Memorial on Ghetto Heroes Square in Podgorze Ghetto, New Year´s Eve 2005/2006

Photo kindly provided by Paul Kubisztal
(www.kubisztal.com)

The Memorial shown in the photo above, which was designed by Krakow architects Piotr Lewicki and Kazimierz Latak, opened on 8 December 2005 in Plac Bohaterów Getta (Ghetto Heroes Square) in the former Podgorze ghetto. The design includes 33 large empty chairs and 37 smaller chairs located on the edge of the square and at the tram stops. The Memorial also includes a mark on the pavement which shows where the walls of the Ghetto were formerly located and a small building where visitors may light candles in honor of the murdered Jews.

The architects named the project Nowy Plac Zgody (New Concordia Square), but nobody calls it that, according to Paul Kubisztal, the photographer who took this dramatic photo.
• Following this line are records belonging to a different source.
(* Let $\mu=\prod_{i=1}^\infty\nu_i$ be a product probability measure on $[0,1]^{\mathbb{N}}$ and, for each $i$, let $m_i:=\int_{[0,1]}x\,d\nu_i(x)$, $m_i^{(2)}:=\int_{[0,1]}x^2\,d\nu_i(x)$ and $\epsilon_{1i}:=\nu_i(\{1\})$. Suppose $$\limsup_{n\to\infty}\frac1{\sqrt n}\sum_{i=1}^n\left(m_i-\tfrac12\right)<\infty,\qquad \liminf_{n\to\infty}\frac1n\sum_{i=1}^n\left(m_i-m_i^{(2)}\right)>0,\qquad \limsup_{n\to\infty}\frac1n\sum_{i=1}^n\epsilon_{1i}<\frac12,$$ and that $\sigma_{T,n}:=\left(\sum_{i=1}^n\int_{[0,1]}(x-m_i)^2\,d\nu_i(x)\right)^{1/2}\to\infty$ as $n\to\infty$. Then $\mu(\mathcal{C}_I)=0$.
   Context: For a sequence $(p_i)_{i=1}^\infty\in[0,1]^{\mathbb{N}}$ let $X_1,X_2,\dots$ be independent random variables with values in $\{0,1\}$ and $\mathbb{P}(X_i=1)=p_i$. The sequence satisfies the Condorcet Jury Property if $\lim_{n\to\infty,\ n\text{ odd}}\mathbb{P}\left(\sum_{i=1}^nX_i>\frac n2\right)=1$; $\mathcal{C}_I$ is the set of sequences satisfying it. *)

theory Defs
  imports "HOL-Probability.Probability"
begin

text \<open>Sequences are indexed from 0 here: p 0, p 1, ... correspond to p_1, p_2, ... of the paper.
  The probability that strictly more than n/2 of the first n independent Bernoulli(p i)
  variables equal 1.\<close>
definition majority_prob :: "(nat \<Rightarrow> real) \<Rightarrow> nat \<Rightarrow> real" where
  "majority_prob p n =
     measure_pmf.prob (Pi_pmf {..<n} False (\<lambda>i. bernoulli_pmf (p i)))
       {X. real (card {i\<in>{..<n}. X i}) > real n / 2}"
Prior to 1948, this location was called Plac Zgody (Concordia Square), a name that is still sometimes used by the locals.

This square was called the Umschlagplatz by the Nazis; it was the place where the Jews had to assemble before being transported to the Belzec death camp in two separate actions in June 1942 and October 1942. The Podgorze Ghetto was liquidated on March 13, 1943 when the Jews who were able to work were sent to the Plaszow forced labor camp just outside the city of Krakow, and the rest were sent to the death camp at Auschwitz-Birkenau. According to information given by the Auschwitz Museum, March 13, 1943 was the day that the gas chamber in Krema II at Birkenau was first used when 1,492 women, children and elderly Jews from the Podgorze Ghetto were put to death immediately upon arrival and their bodies were burned in the ovens.